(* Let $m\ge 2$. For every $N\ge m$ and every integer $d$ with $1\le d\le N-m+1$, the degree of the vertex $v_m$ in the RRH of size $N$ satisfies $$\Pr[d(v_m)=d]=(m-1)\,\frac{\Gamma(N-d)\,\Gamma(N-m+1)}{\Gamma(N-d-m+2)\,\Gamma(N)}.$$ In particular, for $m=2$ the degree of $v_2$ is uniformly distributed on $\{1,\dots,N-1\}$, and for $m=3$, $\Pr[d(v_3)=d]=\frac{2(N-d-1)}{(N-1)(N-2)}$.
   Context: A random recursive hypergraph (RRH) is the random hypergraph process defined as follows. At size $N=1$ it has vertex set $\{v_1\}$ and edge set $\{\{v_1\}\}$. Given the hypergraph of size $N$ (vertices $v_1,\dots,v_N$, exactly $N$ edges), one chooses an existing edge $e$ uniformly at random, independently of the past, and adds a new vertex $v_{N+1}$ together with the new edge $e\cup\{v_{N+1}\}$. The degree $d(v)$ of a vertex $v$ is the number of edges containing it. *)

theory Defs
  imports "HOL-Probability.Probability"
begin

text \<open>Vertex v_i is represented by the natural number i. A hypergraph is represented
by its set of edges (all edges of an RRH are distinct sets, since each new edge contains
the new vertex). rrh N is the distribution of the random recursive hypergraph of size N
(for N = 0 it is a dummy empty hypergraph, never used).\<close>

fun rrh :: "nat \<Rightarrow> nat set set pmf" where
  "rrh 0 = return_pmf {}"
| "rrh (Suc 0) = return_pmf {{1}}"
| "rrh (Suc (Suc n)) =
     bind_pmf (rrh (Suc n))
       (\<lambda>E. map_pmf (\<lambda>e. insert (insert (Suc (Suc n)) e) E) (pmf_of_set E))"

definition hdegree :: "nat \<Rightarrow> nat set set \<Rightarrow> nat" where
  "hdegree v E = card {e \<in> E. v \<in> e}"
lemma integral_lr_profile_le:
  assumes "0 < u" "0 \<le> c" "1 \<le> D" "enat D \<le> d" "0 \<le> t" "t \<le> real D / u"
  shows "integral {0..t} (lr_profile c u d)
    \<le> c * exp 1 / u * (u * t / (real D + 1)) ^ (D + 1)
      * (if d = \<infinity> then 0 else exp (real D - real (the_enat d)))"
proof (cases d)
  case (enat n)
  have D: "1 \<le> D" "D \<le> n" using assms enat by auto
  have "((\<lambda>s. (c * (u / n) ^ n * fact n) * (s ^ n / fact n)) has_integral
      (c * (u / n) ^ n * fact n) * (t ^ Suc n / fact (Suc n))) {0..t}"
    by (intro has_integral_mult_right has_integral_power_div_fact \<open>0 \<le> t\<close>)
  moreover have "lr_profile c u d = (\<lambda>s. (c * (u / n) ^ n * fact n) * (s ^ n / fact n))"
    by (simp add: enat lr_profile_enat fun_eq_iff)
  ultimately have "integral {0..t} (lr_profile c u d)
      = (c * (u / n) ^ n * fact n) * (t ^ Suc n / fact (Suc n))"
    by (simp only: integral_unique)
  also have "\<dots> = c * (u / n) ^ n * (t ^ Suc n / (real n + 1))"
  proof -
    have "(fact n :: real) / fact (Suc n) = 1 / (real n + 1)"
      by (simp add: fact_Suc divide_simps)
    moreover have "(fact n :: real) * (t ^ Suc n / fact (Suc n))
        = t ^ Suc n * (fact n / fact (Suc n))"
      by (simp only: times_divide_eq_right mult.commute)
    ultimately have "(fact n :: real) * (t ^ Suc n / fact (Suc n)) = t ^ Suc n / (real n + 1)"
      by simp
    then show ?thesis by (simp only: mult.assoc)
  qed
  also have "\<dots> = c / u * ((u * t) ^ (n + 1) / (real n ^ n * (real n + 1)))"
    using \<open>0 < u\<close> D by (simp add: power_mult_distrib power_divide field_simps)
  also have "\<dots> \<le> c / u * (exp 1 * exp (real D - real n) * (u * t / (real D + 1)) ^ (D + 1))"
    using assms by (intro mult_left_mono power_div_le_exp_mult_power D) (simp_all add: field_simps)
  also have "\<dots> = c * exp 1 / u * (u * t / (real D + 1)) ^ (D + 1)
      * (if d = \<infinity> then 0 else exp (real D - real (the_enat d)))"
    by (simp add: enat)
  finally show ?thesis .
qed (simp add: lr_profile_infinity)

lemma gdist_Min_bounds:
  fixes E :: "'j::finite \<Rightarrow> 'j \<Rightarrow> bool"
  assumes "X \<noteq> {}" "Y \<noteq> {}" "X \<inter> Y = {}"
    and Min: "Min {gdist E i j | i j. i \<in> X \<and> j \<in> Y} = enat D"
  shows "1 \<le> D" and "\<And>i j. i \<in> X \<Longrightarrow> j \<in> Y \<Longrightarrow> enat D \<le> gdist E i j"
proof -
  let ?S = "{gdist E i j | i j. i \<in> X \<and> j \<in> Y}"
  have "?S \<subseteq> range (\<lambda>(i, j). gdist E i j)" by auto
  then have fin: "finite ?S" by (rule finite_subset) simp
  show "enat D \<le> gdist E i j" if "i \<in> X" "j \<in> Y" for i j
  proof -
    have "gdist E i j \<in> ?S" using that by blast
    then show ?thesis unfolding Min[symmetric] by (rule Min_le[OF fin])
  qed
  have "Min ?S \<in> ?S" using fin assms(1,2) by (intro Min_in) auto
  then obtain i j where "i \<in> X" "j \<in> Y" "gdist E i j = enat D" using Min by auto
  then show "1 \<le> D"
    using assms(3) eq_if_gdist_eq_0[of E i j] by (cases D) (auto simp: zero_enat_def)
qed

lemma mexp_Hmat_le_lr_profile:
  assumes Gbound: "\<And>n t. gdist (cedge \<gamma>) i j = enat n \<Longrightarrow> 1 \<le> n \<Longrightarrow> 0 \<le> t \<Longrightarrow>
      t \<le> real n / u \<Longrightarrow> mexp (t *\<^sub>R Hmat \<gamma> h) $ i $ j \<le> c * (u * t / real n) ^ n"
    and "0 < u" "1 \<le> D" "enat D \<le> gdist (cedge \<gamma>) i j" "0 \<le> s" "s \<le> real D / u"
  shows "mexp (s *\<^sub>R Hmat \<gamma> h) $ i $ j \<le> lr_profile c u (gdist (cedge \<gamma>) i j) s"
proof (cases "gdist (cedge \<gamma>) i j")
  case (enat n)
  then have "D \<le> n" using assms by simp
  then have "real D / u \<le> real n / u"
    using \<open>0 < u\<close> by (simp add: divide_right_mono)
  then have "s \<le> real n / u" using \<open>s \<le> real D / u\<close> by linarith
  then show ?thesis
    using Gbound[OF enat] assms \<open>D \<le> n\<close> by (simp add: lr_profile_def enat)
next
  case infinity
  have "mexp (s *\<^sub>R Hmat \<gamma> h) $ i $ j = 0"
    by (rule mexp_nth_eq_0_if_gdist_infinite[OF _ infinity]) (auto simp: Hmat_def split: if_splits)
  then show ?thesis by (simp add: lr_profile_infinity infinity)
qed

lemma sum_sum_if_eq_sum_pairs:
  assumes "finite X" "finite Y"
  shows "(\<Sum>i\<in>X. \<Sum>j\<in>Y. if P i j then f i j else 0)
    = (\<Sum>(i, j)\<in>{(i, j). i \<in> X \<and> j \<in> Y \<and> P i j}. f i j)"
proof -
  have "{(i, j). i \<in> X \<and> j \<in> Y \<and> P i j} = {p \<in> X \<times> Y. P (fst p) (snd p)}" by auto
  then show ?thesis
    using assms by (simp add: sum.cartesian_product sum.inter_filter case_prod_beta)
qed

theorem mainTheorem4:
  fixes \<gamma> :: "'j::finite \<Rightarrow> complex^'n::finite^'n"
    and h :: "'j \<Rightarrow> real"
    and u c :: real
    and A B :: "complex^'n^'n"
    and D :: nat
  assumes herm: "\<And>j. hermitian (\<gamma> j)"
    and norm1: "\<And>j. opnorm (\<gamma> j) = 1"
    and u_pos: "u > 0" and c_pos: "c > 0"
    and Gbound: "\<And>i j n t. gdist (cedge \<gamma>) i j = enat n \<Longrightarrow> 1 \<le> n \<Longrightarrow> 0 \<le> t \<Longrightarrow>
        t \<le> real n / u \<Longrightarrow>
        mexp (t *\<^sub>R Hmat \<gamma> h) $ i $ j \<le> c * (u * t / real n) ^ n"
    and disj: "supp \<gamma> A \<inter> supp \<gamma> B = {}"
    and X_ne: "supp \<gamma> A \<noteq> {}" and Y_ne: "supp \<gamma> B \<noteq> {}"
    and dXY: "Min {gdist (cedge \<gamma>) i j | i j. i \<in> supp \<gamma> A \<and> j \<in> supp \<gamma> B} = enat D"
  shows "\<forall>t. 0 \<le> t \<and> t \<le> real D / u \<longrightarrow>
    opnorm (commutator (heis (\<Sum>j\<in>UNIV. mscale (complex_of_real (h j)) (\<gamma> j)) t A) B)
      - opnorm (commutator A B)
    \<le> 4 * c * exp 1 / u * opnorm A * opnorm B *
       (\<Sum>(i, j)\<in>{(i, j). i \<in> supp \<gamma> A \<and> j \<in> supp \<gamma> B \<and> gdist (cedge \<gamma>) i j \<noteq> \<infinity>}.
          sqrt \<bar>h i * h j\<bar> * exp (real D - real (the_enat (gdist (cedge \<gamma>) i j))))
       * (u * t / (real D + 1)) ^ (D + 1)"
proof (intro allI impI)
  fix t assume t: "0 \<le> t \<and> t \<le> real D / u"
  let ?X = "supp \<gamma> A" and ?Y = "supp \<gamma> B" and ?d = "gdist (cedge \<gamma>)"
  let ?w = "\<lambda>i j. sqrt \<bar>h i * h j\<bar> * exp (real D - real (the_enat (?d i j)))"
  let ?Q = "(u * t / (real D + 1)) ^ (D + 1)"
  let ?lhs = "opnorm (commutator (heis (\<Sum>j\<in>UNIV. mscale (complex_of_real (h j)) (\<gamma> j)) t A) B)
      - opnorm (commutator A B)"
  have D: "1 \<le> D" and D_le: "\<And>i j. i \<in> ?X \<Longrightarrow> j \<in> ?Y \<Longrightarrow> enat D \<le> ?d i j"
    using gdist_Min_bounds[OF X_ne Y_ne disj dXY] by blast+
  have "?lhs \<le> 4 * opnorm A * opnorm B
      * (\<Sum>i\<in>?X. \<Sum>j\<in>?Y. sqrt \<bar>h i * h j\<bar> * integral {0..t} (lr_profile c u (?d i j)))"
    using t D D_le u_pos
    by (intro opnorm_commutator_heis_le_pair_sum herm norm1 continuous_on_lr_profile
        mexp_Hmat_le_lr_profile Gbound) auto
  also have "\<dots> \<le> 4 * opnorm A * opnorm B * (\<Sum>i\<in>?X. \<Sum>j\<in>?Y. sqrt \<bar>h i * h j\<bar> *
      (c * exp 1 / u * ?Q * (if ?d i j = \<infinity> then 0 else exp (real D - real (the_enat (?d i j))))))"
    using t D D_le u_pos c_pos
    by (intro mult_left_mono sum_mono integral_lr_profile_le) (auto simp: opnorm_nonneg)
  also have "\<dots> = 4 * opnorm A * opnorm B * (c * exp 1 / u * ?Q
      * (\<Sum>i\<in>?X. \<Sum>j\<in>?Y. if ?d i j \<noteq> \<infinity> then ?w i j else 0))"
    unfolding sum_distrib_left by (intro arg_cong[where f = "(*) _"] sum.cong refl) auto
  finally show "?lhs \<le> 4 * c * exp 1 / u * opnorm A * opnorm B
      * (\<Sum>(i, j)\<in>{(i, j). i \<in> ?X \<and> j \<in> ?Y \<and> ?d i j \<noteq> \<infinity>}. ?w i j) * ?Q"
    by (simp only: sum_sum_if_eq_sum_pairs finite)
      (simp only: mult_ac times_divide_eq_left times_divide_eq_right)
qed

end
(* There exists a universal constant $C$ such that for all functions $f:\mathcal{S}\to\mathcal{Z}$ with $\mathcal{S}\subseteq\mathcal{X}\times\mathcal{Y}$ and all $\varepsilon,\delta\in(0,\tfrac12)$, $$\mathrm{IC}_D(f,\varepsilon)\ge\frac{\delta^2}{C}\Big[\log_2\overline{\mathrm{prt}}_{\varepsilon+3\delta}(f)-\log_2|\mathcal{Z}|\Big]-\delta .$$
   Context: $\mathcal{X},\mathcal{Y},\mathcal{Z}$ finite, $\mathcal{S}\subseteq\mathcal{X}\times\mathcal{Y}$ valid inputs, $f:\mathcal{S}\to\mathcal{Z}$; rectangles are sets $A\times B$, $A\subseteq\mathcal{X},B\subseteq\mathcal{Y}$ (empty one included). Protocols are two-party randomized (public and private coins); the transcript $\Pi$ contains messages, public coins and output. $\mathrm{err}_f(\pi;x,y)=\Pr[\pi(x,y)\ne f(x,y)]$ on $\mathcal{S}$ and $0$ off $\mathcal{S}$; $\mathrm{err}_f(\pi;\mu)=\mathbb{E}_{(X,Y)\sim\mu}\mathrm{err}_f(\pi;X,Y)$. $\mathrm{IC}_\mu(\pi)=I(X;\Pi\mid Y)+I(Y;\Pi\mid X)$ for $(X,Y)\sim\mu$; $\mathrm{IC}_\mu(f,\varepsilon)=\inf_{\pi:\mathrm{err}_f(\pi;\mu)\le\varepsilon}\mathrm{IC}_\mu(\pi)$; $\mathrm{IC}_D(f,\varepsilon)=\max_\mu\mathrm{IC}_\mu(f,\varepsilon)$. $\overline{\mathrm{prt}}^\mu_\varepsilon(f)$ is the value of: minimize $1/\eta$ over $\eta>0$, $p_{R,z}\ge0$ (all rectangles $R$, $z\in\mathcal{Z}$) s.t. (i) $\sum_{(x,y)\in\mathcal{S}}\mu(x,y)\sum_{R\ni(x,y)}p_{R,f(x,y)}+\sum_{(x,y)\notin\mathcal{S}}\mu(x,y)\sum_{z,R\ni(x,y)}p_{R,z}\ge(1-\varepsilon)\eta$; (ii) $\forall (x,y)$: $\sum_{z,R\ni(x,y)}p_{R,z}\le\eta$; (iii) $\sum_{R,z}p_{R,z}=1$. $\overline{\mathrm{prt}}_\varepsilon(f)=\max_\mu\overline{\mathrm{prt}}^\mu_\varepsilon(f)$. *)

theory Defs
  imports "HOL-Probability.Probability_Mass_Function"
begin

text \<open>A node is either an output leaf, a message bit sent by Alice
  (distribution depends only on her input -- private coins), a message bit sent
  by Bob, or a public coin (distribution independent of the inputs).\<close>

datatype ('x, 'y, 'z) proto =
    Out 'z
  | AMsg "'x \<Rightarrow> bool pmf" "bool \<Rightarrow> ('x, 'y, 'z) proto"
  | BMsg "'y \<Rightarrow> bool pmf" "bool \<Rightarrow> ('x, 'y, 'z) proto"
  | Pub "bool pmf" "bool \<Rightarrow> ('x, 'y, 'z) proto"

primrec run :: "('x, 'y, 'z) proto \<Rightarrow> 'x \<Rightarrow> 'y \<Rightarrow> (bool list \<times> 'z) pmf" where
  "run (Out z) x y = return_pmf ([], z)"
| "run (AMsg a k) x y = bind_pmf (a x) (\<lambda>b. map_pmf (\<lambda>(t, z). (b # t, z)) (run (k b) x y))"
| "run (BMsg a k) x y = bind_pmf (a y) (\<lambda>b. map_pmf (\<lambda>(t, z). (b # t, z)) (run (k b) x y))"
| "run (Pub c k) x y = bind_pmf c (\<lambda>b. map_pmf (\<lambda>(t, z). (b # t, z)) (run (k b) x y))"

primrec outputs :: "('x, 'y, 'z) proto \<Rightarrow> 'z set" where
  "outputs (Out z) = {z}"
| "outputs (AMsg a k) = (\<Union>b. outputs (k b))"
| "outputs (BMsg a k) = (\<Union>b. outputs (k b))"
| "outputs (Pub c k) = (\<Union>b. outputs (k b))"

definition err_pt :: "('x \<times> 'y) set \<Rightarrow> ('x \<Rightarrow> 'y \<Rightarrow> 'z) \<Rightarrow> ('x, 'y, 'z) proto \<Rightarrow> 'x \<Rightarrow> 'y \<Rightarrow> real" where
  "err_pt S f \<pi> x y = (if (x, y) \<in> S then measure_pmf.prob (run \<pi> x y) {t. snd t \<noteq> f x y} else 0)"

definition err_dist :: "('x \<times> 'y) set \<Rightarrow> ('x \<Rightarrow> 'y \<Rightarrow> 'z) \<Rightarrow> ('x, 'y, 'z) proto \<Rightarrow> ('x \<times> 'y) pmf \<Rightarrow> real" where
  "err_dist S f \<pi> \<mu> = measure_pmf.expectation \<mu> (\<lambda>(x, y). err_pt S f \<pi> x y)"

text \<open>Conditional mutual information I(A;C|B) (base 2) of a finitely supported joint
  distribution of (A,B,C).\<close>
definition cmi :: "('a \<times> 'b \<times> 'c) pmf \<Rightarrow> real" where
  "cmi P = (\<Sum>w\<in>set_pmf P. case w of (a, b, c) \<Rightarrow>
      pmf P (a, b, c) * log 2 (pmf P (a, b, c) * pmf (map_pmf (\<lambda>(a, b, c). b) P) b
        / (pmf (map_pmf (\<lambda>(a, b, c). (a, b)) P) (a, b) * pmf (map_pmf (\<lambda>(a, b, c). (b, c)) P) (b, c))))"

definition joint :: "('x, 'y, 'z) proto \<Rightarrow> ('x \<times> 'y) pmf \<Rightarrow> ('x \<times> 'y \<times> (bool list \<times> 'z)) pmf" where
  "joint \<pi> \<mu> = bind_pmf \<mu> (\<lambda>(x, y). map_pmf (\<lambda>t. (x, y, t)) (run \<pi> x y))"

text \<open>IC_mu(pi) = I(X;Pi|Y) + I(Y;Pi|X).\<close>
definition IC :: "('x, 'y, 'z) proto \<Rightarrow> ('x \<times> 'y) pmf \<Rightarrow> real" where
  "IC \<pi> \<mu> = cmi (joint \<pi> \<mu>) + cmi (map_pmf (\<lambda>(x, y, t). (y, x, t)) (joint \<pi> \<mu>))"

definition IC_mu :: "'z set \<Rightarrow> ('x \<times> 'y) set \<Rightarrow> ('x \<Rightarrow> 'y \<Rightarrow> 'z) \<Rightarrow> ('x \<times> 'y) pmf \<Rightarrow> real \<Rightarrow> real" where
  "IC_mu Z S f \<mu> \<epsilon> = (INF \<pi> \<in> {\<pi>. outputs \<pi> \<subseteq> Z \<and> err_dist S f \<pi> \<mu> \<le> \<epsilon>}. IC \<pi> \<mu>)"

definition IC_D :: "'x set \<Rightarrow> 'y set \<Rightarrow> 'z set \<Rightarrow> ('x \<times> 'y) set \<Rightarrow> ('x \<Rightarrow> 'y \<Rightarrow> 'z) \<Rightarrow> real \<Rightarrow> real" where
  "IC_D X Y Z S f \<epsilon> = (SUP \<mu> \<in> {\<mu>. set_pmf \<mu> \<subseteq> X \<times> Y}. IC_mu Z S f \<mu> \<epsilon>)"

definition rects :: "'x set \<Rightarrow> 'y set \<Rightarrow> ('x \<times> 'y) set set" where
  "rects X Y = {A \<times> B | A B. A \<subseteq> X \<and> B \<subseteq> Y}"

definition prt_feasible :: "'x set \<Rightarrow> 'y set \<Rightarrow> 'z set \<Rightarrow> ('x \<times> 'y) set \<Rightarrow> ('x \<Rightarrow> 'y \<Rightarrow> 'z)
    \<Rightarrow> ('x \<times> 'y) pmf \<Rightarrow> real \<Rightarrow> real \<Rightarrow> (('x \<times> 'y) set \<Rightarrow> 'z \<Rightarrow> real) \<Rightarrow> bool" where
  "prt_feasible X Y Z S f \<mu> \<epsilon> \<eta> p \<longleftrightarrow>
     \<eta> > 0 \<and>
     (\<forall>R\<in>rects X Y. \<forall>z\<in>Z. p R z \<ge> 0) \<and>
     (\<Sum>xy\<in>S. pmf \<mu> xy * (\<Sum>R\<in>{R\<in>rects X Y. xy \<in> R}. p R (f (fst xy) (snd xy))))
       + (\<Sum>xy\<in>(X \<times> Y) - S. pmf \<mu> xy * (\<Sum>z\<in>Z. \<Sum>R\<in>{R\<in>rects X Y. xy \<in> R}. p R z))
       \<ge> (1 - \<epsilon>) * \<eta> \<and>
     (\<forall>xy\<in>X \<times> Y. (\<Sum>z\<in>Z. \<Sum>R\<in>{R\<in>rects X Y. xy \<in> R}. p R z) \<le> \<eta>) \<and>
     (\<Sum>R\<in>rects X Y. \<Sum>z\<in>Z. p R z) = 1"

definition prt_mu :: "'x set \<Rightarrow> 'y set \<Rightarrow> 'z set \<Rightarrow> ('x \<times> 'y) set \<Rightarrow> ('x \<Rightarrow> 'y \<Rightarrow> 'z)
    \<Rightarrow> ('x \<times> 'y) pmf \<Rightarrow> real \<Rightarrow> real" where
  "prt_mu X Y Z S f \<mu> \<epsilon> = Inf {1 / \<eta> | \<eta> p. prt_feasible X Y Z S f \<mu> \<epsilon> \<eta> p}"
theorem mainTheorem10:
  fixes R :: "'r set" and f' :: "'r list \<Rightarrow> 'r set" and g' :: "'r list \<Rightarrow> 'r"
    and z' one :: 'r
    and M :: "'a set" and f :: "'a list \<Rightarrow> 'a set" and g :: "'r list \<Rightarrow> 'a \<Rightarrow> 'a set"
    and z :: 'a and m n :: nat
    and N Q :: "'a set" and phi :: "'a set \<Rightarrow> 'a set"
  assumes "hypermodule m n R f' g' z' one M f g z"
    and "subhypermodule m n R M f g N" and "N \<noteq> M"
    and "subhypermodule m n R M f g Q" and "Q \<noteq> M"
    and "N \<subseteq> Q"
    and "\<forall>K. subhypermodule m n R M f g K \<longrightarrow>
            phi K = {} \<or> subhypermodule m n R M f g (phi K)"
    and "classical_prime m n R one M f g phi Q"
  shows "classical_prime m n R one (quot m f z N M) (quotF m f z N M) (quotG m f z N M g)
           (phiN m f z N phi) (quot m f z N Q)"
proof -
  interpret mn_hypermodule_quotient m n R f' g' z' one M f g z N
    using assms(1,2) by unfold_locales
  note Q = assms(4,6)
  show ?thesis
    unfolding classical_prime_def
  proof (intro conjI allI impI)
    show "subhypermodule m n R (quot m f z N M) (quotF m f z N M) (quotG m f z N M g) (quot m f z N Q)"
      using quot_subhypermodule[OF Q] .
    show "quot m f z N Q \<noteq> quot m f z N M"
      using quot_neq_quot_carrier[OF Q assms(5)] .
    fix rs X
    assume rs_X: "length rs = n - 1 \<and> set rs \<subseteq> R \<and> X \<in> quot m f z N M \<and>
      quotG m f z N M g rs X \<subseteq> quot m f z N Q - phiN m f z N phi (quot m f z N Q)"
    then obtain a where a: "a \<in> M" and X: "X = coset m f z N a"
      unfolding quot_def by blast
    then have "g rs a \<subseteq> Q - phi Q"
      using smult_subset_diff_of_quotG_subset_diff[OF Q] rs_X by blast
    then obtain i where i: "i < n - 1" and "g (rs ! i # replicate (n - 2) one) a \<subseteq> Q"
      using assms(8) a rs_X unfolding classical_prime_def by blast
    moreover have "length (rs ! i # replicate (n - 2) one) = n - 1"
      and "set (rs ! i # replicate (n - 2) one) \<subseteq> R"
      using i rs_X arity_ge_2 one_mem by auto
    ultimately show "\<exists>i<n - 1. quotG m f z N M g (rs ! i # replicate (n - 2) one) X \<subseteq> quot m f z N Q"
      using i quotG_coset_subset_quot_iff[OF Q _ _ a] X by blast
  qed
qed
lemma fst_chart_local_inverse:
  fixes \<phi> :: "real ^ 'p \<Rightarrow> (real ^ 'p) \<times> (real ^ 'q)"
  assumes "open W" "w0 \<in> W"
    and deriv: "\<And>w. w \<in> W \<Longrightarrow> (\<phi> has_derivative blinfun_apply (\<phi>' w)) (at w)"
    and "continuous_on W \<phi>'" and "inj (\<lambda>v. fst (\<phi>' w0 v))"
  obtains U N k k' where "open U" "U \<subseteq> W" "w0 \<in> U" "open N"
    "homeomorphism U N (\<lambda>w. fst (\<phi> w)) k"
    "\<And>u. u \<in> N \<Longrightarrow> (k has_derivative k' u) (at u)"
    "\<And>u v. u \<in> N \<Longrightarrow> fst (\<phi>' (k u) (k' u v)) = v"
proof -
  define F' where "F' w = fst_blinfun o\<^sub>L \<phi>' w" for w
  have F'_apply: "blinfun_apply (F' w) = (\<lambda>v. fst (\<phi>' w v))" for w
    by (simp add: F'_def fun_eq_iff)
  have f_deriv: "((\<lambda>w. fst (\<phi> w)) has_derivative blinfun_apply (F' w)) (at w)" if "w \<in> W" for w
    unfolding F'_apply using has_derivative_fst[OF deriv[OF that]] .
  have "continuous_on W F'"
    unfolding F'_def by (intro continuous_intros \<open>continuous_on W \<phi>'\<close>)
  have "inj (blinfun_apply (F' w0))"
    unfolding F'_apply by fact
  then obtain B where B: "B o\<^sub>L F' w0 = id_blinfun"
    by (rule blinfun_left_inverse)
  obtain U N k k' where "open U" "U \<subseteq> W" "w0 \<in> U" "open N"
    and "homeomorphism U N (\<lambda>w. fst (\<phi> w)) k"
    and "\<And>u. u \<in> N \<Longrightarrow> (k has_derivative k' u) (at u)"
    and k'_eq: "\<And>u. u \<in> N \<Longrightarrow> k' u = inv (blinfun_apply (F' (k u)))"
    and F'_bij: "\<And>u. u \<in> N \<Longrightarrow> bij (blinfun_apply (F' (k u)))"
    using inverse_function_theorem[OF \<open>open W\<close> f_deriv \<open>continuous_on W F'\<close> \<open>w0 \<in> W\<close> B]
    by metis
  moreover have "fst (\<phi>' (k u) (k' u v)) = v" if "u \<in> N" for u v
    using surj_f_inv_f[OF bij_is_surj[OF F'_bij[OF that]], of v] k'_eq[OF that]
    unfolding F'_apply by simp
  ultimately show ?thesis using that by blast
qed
#####
To do: Please give the number of lines above that contain "mscale", without any other words.

Solution to the problem: 2